TASK OBJECTIVE: In the reply, include exactly the lines of the entries below from the first to the line with "using \<beta>_pos \<theta>_pos", that line included.

+ + + + +

lemma inverse_\<omega>_le: "1 / \<omega> y \<le> t"
proof -
  have "1 / t \<le> t / 2" using t_range(1,3) by (simp add: field_simps power2_eq_square)
  then have "1 / t \<le> \<omega> y" using t_range(1) by (auto simp: \<omega>_def)
  then show ?thesis using t_range(1) \<omega>_pos[of y] by (simp add: field_simps)
qed

lemma V_nonneg: "0 \<le> V x u v"
  using \<beta>_pos \<theta>_pos by (simp add: V_def)

lemma V_not_tangent: "u \<noteq> v \<Longrightarrow> (u, v) \<notin> E x \<Longrightarrow> V x u v = 0"
  by (simp add: V_def)

lemma V_outside_K2: "x \<notin> K2 \<Longrightarrow> u \<noteq> v \<Longrightarrow> (u, v) \<in> E x \<Longrightarrow> V x u v = 1"
  by (simp add: V_def)

lemma row_sum_eq: "u \<in> W \<Longrightarrow> (\<Sum>v\<in>W. V x u v) = 1 + (\<Sum>v\<in>W - {u}. V x u v)"
  using sum.remove[OF finite_words, of u b q "V x u"] by (simp add: V_def)

lemma row_bound_no_tangency:
  assumes "u \<in> W" "\<And>v. (u, v) \<in> E x \<Longrightarrow> v = u"
  shows "\<omega> x / \<omega> (xw b x u) * (\<Sum>v\<in>W. V x u v) \<le> t"
proof -
  have "(\<Sum>v\<in>W - {u}. V x u v) = 0"
    using assms(2) by (intro sum.neutral ballI V_not_tangent) blast+
  then have "\<omega> x / \<omega> (xw b x u) * (\<Sum>v\<in>W. V x u v) = \<omega> x * (1 / \<omega> (xw b x u))"
    using row_sum_eq[OF assms(1)] by simp
  also have "\<dots> \<le> 1 * t"
    using \<omega>_le_1 inverse_\<omega>_le \<omega>_pos by (intro mult_mono) (auto simp: less_imp_le)
  finally show ?thesis by simp
qed

lemma borel_measurable_\<omega>: "\<omega> \<in> borel_measurable borel"
  unfolding \<omega>_def using K_borel by measurable

lemma K1_branch_borel: "K1_branch w \<in> sets borel"
proof -
  have "(\<lambda>x. xw b x w) \<in> borel_measurable borel" unfolding xw_def by measurable
  moreover have "K1_branch w = (\<lambda>x. xw b x w) -` K1" unfolding K1_branch_def by auto
  ultimately show ?thesis using measurable_sets_borel[OF _ K_borel(2)] by simp
qed

lemma tangent_to_K1_borel: "tangent_to_K1 u \<in> sets borel"
proof -
  have "tangent_to_K1 u = (\<Union>w\<in>W. K1_branch w \<inter> {x. (u, w) \<in> E x})"
    unfolding tangent_to_K1_def by auto
  then show ?thesis
    using Eset_pair_borel[OF b \<gamma> \<psi>] K1_branch_borel finite_words by (auto intro: sets.finite_UN)
qed

lemma borel_measurable_V: "(\<lambda>x. V x u v) \<in> borel_measurable borel"
proof (cases "u = v")
  case False
  then have "(\<lambda>x. V x u v) = (\<lambda>x. if x \<in> {x. (u, v) \<in> E x} then
      (if x \<in> K2 then (if x \<in> K1_branch v then \<theta> else if x \<in> K1_branch u then 1 / \<theta>
        else if x \<in> tangent_to_K1 u then \<beta> else if x \<in> tangent_to_K1 v then 1 / \<beta> else 1) else 1)
      else 0)"
    by (auto simp: V_def fun_eq_iff)
  then show ?thesis
    using Eset_pair_borel[OF b \<gamma> \<psi>] K_borel(3) K1_branch_borel tangent_to_K1_borel
    by (simp only:) (intro measurable_If_set measurable_const; simp)
qed (simp add: V_def)

lemma weight_\<omega>: "weight \<omega>"
  unfolding weight_def
proof (intro conjI)
  show "\<omega> \<in> borel_measurable (restrict_space borel {0..<1})"
    by (rule measurable_restrict_space1[OF borel_measurable_\<omega>])
  show "\<exists>M. \<forall>x\<in>{0..<1}. \<omega> x \<le> M \<and> 1 / \<omega> x \<le> M"
  proof (intro exI ballI conjI)
    fix x :: real
    show "\<omega> x \<le> t" using \<omega>_le_1[of x] t_range(1) by linarith
    show "1 / \<omega> x \<le> t" by (rule inverse_\<omega>_le)
  qed
qed (use \<omega>_pos in auto)

lemma row_bound_K0:
  assumes x: "x \<in> K0" and u: "u \<in> W"
  shows "\<omega> x / \<omega> (xw b x u) * (\<Sum>v\<in>W. V x u v) \<le> t"
proof (rule row_bound_no_tangency[OF u])
  fix v assume uv: "(u, v) \<in> E x"
  have fin: "finite {l. (u, l) \<in> E x}"
    by (rule finite_subset[OF _ finite_words]) (auto dest: Eset_in_words)
  have "card {l. (u, l) \<in> E x} \<le> e b \<gamma> \<psi> q x \<epsilon> \<delta>"
    unfolding e_def using u finite_words by (intro Max_ge) auto
  moreover have "card {u, v} \<le> card {l. (u, l) \<in> E x}"
    using uv Eset_refl[OF _ _ _ u] b \<epsilon>\<delta> by (intro card_mono[OF fin]) auto
  ultimately have "card {u, v} \<le> 1"
    using K0_no_tangency[OF x] by linarith
  then show "v = u" by (cases "u = v") auto
qed

lemma row_bound_K1:
  assumes x: "x \<in> K1" and u: "u \<in> W"
  shows "\<omega> x / \<omega> (xw b x u) * (\<Sum>v\<in>W. V x u v) \<le> t"
proof -
  obtain a c where ac: "xw b x a \<in> K0" "xw b x c \<in> K0"
    and tangencies: "{(u, v) \<in> E x. u \<noteq> v} \<subseteq> {(a, c), (c, a)}"
    using K1_tangencies[OF x] by blast
  have "x \<notin> K2" using x K_disjoint(3) by auto
  show ?thesis
  proof (cases "u = a \<or> u = c")
    case True
    have rest: "(\<Sum>v\<in>W - {u}. V x u v) \<le> 1"
    proof (rule sum_le_one_point[OF _ _ zero_le_one])
      fix v assume v: "v \<in> W - {u}"
      show "V x u v \<le> (if v = (if u = a then c else a) then 1 else 0)"
        using tangencies V_outside_K2[OF \<open>x \<notin> K2\<close>, of u v] V_not_tangent[of u v x] v
        by (cases "(u, v) \<in> E x") auto
    qed (simp add: finite_words)
    have "\<omega> (xw b x u) = 1" using True ac \<omega>_K0 by auto
    then have "\<omega> x / \<omega> (xw b x u) * (\<Sum>v\<in>W. V x u v) = t / 2 * (1 + (\<Sum>v\<in>W - {u}. V x u v))"
      using row_sum_eq[OF u] \<omega>_K1[OF x] by simp
    also have "\<dots> \<le> t / 2 * (1 + 1)" using rest t_range(1) by (intro mult_left_mono) auto
    finally show ?thesis by simp
  next
    case False
    then show ?thesis using tangencies by (intro row_bound_no_tangency[OF u]) auto
  qed
qed

context
  fixes x :: real and a c d :: "nat list"
  assumes x: "x \<in> K2" and a: "xw b x a \<in> K0" and c: "xw b x c \<in> K0" and d: "xw b x d \<in> K1"
    and tangencies: "{(u, v) \<in> E x. u \<noteq> v} \<subseteq> {(a, c), (a, d), (c, a), (d, a)}"
begin

lemma K2_distinct: "a \<noteq> d" "c \<noteq> d"
  using a c d K_disjoint(1) by auto

lemma K2_branches: "x \<notin> K1_branch a" "x \<notin> K1_branch c" "x \<in> K1_branch d"
  using a c d K_disjoint(1) by (auto simp: K1_branch_def)

lemma K2_not_tangent_to_K1_c:
  assumes "c \<noteq> a"
  shows "x \<notin> tangent_to_K1 c"
proof
  assume "x \<in> tangent_to_K1 c"
  then obtain w where w: "x \<in> K1_branch w" "(c, w) \<in> E x" by (auto simp: tangent_to_K1_def)
  then have "w \<noteq> c" using K2_branches by auto
  then have "w = a" using w(2) tangencies assms K2_distinct by auto
  then show False using w(1) K2_branches by simp
qed

lemma K2_tangent_to_K1_a: "(a, d) \<in> E x \<Longrightarrow> x \<in> tangent_to_K1 a"
  using K2_branches Eset_in_words by (auto simp: tangent_to_K1_def)

lemma V_K2_a_c: "c \<noteq> a \<Longrightarrow>
    V x a c = (if (a, c) \<in> E x then if x \<in> tangent_to_K1 a then \<beta> else 1 else 0)"
  using x K2_branches K2_not_tangent_to_K1_c by (simp add: V_def)

lemma V_K2_c_a: "c \<noteq> a \<Longrightarrow>
    V x c a = (if (c, a) \<in> E x then if x \<in> tangent_to_K1 a then 1 / \<beta> else 1 else 0)"
  using x K2_branches K2_not_tangent_to_K1_c by (simp add: V_def)

lemma V_K2_a_d: "V x a d = (if (a, d) \<in> E x then \<theta> else 0)"
  using x K2_branches K2_distinct by (simp add: V_def)

lemma V_K2_d_a: "V x d a = (if (d, a) \<in> E x then 1 / \<theta> else 0)"
  using x K2_branches K2_distinct by (simp add: V_def)

lemma V_K2_mult:
  assumes "(u, v) \<in> E x"
  shows "V x u v * V x v u = 1"
proof (cases "u = v")
  case False
  then have "(u, v) \<in> {(a, c), (a, d), (c, a), (d, a)}" using assms tangencies by auto
  moreover have "(v, u) \<in> E x" using assms by (rule Eset_sym)
  ultimately show ?thesis
    using assms False V_K2_a_c V_K2_c_a V_K2_a_d V_K2_d_a \<beta>_pos \<theta>_pos by auto
qed (simp add: V_def)

lemma row_bound_K2:
  assumes u: "u \<in> W"
  shows "\<omega> x / \<omega> (xw b x u) * (\<Sum>v\<in>W. V x u v) \<le> t"
proof -
  have reduce: "\<omega> x / \<omega> (xw b x u) * (\<Sum>v\<in>W. V x u v) \<le> t"
    if "(\<Sum>v\<in>W. V x u v) \<le> t\<^sup>2 * \<omega> (xw b x u)"
  proof -
    have "\<omega> x / \<omega> (xw b x u) * (\<Sum>v\<in>W. V x u v) \<le> 1 / t / \<omega> (xw b x u) * (t\<^sup>2 * \<omega> (xw b x u))"
      unfolding \<omega>_K2[OF x] using that \<omega>_pos[of "xw b x u"] t_range(1) by (intro mult_left_mono) auto
    also have "\<dots> = t" using \<omega>_pos[of "xw b x u"] t_range(1) by (simp add: power2_eq_square)
    finally show ?thesis .
  qed
  consider "u = a" | "u = c" "c \<noteq> a" | "u = d" | "u \<notin> {a, c, d}" by blast
  then show ?thesis
  proof cases
    case 1
    let ?near = "x \<in> tangent_to_K1 a"
    have "(\<Sum>v\<in>W - {a}. V x a v) \<le> (if ?near then \<beta> else 1) + (if ?near then \<theta> else 0)"
    proof (rule sum_le_two_points[where c = c and d = d])
      fix v assume v: "v \<in> W - {a}"
      show "V x a v \<le> (if v = c then if ?near then \<beta> else 1 else 0)
        + (if v = d then if ?near then \<theta> else 0 else 0)"
      proof (cases "(a, v) \<in> E x")
        case True
        then have "v = c \<or> v = d" using tangencies v by auto
        then show ?thesis
          using True v V_K2_a_c V_K2_a_d K2_distinct K2_tangent_to_K1_a by auto
      qed (use v V_not_tangent \<beta>_pos \<theta>_pos in auto)
    qed (use \<beta>_pos \<theta>_pos in \<open>auto simp: finite_words\<close>)
    then have "(\<Sum>v\<in>W. V x u v) \<le> t\<^sup>2"
      using 1 row_sum_eq[OF u] \<beta>_\<theta>_sum t_range(3) by (auto split: if_splits)
    then show ?thesis using 1 a \<omega>_K0 by (intro reduce) simp
  next
    case 2
    have "(\<Sum>v\<in>W - {c}. V x c v) \<le> t\<^sup>2 - 1"
    proof (rule sum_le_one_point[where c = a])
      fix v assume v: "v \<in> W - {c}"
      have "1 / \<beta> = t\<^sup>2 - 1" "1 \<le> t\<^sup>2 - 1" using t_range(3) by (auto simp: \<beta>_def)
      then show "V x c v \<le> (if v = a then t\<^sup>2 - 1 else 0)"
        using tangencies v 2 K2_distinct V_K2_c_a V_not_tangent[of c v x]
        by (cases "(c, v) \<in> E x") auto
    qed (use t_range(3) in \<open>auto simp: finite_words\<close>)
    then show ?thesis using 2 c row_sum_eq[OF u] \<omega>_K0 by (intro reduce) simp
  next
    case 3
    have "(\<Sum>v\<in>W - {d}. V x d v) \<le> 1 / \<theta>"
    proof (rule sum_le_one_point[where c = a])
      fix v assume v: "v \<in> W - {d}"
      show "V x d v \<le> (if v = a then 1 / \<theta> else 0)"
        using tangencies v K2_distinct V_K2_d_a V_not_tangent[of d v x] \<theta>_pos
        by (cases "(d, v) \<in> E x") auto
    qed (use \<theta>_pos in \<open>auto simp: finite_words\<close>)
    moreover have "1 + 1 / \<theta> = t\<^sup>2 * \<omega> (xw b x d)"
      unfolding \<omega>_K1[OF d] by (simp add: \<theta>_def power2_eq_square power3_eq_cube field_simps)
    ultimately have "(\<Sum>v\<in>W. V x u v) \<le> t\<^sup>2 * \<omega> (xw b x u)"
      using row_sum_eq[OF u, of x] unfolding 3 by linarith
    then show ?thesis by (rule reduce)
  next
    case 4
    then show ?thesis using tangencies by (intro row_bound_no_tangency[OF u]) auto
  qed
qed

+ + + + +

REPLY:
lemma inverse_\<omega>_le: "1 / \<omega> y \<le> t"
proof -
  have "1 / t \<le> t / 2" using t_range(1,3) by (simp add: field_simps power2_eq_square)
  then have "1 / t \<le> \<omega> y" using t_range(1) by (auto simp: \<omega>_def)
  then show ?thesis using t_range(1) \<omega>_pos[of y] by (simp add: field_simps)
qed

lemma V_nonneg: "0 \<le> V x u v"
  using \<beta>_pos \<theta>_pos by (simp add: V_def)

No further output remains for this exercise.